== Problem details ==
Two lines mark the range in the entries below: the one holding "n) = c / U (z(n" and the one holding "n * (card (UNIV". Set down those two and all lines between them, exactly.

(Collected data entries)
● ● ● ●
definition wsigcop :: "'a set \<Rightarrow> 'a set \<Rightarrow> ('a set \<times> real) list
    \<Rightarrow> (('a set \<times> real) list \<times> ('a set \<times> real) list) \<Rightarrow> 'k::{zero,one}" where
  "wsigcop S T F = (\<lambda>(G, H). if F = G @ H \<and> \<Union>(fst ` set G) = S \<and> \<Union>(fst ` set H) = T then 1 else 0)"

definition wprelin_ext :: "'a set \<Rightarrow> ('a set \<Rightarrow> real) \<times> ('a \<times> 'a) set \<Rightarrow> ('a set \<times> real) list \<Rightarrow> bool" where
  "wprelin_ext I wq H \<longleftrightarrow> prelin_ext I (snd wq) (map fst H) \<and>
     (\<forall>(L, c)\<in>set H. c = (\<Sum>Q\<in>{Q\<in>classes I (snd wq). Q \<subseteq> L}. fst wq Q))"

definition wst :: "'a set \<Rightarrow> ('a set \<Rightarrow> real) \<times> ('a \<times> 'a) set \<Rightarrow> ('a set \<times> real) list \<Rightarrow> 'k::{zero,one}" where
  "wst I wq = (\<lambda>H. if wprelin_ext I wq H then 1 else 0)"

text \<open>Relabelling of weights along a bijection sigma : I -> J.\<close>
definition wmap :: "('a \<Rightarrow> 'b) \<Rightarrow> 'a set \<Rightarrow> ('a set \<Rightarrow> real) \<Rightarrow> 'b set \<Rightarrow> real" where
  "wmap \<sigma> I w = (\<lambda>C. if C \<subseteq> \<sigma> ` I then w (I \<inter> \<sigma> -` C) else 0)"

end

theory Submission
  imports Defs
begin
● ● ● ●
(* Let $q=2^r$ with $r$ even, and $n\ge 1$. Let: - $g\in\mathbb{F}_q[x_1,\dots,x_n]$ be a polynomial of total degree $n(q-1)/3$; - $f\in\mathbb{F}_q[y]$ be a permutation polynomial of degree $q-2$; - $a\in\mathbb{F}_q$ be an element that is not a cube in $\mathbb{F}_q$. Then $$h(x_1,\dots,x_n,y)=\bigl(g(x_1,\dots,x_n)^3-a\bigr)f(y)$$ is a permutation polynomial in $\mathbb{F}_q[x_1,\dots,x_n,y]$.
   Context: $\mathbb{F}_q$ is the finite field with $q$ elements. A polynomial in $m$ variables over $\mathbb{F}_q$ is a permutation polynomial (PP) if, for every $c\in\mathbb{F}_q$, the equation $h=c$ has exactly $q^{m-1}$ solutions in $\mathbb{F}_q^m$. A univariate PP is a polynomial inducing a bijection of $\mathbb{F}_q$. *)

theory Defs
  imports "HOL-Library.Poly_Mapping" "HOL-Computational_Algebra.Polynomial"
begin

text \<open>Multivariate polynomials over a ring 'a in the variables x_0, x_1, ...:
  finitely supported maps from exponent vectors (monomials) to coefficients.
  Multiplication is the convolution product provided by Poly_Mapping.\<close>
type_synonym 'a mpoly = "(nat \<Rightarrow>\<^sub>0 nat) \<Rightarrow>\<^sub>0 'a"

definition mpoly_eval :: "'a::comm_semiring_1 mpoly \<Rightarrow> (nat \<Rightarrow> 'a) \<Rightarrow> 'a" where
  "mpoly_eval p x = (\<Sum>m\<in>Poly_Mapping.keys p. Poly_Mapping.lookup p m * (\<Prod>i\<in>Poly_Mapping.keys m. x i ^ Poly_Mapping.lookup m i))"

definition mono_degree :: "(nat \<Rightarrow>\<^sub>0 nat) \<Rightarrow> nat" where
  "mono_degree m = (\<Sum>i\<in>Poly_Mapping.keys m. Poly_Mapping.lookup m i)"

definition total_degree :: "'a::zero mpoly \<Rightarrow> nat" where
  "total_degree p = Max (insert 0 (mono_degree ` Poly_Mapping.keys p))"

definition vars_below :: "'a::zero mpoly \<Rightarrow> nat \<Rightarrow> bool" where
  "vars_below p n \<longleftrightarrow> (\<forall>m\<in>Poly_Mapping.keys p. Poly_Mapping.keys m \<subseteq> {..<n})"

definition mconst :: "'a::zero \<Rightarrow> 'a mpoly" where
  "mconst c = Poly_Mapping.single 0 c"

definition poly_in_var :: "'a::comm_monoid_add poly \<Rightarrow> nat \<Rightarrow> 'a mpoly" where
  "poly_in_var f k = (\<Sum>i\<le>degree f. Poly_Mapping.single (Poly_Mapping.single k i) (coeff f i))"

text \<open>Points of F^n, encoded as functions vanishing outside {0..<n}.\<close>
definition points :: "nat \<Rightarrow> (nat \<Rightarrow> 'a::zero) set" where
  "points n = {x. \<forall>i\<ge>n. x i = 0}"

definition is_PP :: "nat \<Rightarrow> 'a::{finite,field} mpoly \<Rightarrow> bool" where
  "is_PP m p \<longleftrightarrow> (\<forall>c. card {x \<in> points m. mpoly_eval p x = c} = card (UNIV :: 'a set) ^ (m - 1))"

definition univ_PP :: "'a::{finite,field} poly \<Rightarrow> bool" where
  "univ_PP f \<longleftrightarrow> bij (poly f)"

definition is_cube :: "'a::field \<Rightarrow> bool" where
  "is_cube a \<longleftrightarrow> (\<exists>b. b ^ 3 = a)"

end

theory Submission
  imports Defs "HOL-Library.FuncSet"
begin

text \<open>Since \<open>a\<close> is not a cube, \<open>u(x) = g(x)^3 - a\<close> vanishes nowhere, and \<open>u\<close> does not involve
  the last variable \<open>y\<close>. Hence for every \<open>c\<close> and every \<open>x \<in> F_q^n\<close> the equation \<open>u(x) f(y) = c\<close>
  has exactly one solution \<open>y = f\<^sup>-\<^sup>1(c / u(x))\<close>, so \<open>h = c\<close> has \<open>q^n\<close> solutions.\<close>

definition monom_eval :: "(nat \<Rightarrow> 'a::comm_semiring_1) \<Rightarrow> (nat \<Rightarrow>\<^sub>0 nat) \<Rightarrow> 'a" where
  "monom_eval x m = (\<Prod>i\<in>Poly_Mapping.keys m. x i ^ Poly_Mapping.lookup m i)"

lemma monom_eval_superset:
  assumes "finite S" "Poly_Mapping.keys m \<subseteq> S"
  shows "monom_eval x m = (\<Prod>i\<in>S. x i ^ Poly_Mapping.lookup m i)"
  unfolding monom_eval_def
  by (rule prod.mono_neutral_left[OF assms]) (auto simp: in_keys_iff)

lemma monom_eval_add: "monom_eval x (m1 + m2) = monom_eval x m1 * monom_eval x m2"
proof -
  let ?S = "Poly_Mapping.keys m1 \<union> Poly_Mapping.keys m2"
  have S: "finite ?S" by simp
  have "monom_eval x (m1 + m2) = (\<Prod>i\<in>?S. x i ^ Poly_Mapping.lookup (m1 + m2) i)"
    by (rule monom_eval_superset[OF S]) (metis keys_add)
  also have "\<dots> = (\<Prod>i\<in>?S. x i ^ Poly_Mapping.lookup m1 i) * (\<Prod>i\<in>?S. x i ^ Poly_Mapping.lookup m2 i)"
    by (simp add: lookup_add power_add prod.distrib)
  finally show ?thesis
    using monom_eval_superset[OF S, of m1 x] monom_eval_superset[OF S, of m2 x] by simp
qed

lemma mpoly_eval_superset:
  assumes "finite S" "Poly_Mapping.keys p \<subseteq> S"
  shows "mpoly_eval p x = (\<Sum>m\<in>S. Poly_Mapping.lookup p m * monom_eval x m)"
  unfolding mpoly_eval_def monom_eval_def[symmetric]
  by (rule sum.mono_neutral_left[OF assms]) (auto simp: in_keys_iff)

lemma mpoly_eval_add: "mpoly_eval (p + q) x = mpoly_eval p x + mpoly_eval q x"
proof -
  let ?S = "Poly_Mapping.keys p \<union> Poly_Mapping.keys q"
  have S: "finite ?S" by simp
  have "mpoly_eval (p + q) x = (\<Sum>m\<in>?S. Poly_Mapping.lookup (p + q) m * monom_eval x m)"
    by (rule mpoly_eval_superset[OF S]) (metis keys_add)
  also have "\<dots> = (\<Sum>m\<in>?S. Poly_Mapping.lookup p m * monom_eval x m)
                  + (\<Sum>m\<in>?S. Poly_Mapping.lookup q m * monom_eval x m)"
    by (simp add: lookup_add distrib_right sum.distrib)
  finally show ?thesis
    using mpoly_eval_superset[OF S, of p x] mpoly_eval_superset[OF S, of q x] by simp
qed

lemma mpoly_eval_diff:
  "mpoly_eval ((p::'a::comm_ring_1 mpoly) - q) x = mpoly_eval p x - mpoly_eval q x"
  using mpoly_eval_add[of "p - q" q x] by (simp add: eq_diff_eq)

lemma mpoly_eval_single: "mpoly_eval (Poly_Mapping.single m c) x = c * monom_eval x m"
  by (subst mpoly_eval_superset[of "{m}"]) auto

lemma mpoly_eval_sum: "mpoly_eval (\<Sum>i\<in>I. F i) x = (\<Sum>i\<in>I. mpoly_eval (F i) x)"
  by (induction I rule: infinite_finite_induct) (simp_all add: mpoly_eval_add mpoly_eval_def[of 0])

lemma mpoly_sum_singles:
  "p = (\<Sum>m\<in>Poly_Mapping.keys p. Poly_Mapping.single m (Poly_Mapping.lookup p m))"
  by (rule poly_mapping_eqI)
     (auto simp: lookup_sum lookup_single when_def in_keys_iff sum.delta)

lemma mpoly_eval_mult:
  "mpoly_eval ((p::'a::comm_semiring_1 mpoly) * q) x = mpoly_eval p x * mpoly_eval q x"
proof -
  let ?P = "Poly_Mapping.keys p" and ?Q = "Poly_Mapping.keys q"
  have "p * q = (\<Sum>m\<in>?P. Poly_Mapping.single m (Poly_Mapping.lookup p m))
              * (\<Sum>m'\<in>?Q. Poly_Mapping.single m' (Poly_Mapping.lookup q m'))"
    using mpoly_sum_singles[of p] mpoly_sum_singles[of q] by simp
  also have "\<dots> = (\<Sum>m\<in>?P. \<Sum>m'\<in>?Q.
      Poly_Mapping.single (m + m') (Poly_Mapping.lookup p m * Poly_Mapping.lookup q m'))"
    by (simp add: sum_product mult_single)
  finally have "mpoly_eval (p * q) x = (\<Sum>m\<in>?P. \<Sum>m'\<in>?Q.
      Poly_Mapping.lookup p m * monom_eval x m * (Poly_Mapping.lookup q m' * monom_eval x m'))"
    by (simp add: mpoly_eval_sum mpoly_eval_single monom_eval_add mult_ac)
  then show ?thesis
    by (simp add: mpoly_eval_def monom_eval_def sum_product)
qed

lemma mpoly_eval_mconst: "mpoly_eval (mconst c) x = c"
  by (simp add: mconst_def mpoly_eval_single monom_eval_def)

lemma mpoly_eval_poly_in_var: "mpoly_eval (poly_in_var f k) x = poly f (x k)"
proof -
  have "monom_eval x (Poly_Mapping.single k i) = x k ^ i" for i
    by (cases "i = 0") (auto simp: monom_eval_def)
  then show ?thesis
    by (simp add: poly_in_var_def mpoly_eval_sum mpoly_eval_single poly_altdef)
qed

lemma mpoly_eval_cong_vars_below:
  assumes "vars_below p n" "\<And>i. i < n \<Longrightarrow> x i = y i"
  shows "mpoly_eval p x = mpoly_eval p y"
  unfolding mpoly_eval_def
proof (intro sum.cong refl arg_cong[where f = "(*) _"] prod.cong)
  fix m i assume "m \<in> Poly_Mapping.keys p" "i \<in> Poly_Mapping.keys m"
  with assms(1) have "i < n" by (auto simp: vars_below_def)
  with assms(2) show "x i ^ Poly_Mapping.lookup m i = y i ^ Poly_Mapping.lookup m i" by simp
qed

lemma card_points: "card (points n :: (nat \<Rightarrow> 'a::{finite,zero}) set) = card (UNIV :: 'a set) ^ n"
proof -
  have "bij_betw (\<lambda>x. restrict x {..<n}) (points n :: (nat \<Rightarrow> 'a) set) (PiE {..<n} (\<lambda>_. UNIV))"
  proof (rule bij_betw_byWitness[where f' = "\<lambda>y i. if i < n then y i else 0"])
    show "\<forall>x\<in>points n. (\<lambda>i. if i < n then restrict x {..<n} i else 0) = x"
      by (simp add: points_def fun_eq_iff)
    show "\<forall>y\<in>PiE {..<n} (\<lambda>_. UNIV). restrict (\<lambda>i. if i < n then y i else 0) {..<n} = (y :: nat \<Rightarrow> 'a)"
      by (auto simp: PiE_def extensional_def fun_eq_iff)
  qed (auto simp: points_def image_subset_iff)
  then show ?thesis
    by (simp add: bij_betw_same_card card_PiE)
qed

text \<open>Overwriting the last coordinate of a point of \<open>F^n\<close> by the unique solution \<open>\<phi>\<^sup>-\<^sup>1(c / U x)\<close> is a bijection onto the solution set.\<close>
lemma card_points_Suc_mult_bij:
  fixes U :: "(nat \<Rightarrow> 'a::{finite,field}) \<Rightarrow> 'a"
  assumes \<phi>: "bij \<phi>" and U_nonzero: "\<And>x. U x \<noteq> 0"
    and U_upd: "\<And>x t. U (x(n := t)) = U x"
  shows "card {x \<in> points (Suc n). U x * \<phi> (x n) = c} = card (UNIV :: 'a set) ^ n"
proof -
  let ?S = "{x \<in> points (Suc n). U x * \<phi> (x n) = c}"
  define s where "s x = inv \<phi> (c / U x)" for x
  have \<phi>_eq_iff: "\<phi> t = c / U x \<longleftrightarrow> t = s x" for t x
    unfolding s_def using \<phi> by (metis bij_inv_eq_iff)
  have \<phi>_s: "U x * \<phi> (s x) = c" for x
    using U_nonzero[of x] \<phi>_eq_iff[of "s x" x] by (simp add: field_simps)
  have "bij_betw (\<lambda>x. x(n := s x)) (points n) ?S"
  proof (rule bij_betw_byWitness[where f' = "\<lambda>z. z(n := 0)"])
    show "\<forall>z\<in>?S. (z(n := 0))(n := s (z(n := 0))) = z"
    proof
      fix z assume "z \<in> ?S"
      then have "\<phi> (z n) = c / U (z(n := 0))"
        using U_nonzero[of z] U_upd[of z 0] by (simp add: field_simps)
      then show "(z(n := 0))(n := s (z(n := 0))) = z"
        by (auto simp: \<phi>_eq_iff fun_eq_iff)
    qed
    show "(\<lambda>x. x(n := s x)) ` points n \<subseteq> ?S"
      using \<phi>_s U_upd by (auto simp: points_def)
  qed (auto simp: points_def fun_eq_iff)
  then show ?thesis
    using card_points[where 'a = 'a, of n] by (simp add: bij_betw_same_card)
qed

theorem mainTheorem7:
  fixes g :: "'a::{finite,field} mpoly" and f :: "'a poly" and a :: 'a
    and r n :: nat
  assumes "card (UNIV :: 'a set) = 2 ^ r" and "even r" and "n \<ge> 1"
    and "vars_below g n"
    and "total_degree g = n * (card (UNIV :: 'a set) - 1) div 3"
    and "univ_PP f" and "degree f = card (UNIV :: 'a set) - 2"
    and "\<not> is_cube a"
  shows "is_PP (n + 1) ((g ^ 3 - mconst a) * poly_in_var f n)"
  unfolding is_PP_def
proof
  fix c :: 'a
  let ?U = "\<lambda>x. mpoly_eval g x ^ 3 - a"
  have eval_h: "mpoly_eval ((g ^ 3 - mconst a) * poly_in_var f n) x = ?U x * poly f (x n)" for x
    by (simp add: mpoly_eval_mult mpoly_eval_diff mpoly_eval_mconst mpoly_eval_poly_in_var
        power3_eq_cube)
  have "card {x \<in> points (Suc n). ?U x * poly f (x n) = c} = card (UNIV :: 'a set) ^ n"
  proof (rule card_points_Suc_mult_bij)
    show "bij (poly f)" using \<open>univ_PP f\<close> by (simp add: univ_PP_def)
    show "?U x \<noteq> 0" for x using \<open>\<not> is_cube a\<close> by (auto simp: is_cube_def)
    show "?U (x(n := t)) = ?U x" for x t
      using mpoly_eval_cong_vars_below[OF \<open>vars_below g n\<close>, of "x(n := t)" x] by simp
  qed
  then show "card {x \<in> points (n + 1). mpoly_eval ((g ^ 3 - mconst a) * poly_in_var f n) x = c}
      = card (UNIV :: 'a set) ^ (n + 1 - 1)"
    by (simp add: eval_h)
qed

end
● ● ● ●
== Result of the task ==
      then have "\<phi> (z n) = c / U (z(n := 0))"
        using U_nonzero[of z] U_upd[of z 0] by (simp add: field_simps)
      then show "(z(n := 0))(n := s (z(n := 0))) = z"
        by (auto simp: \<phi>_eq_iff fun_eq_iff)
    qed
    show "(\<lambda>x. x(n := s x)) ` points n \<subseteq> ?S"
      using \<phi>_s U_upd by (auto simp: points_def)
  qed (auto simp: points_def fun_eq_iff)
  then show ?thesis
    using card_points[where 'a = 'a, of n] by (simp add: bij_betw_same_card)
qed

theorem mainTheorem7:
  fixes g :: "'a::{finite,field} mpoly" and f :: "'a poly" and a :: 'a
    and r n :: nat
  assumes "card (UNIV :: 'a set) = 2 ^ r" and "even r" and "n \<ge> 1"
    and "vars_below g n"
    and "total_degree g = n * (card (UNIV :: 'a set) - 1) div 3"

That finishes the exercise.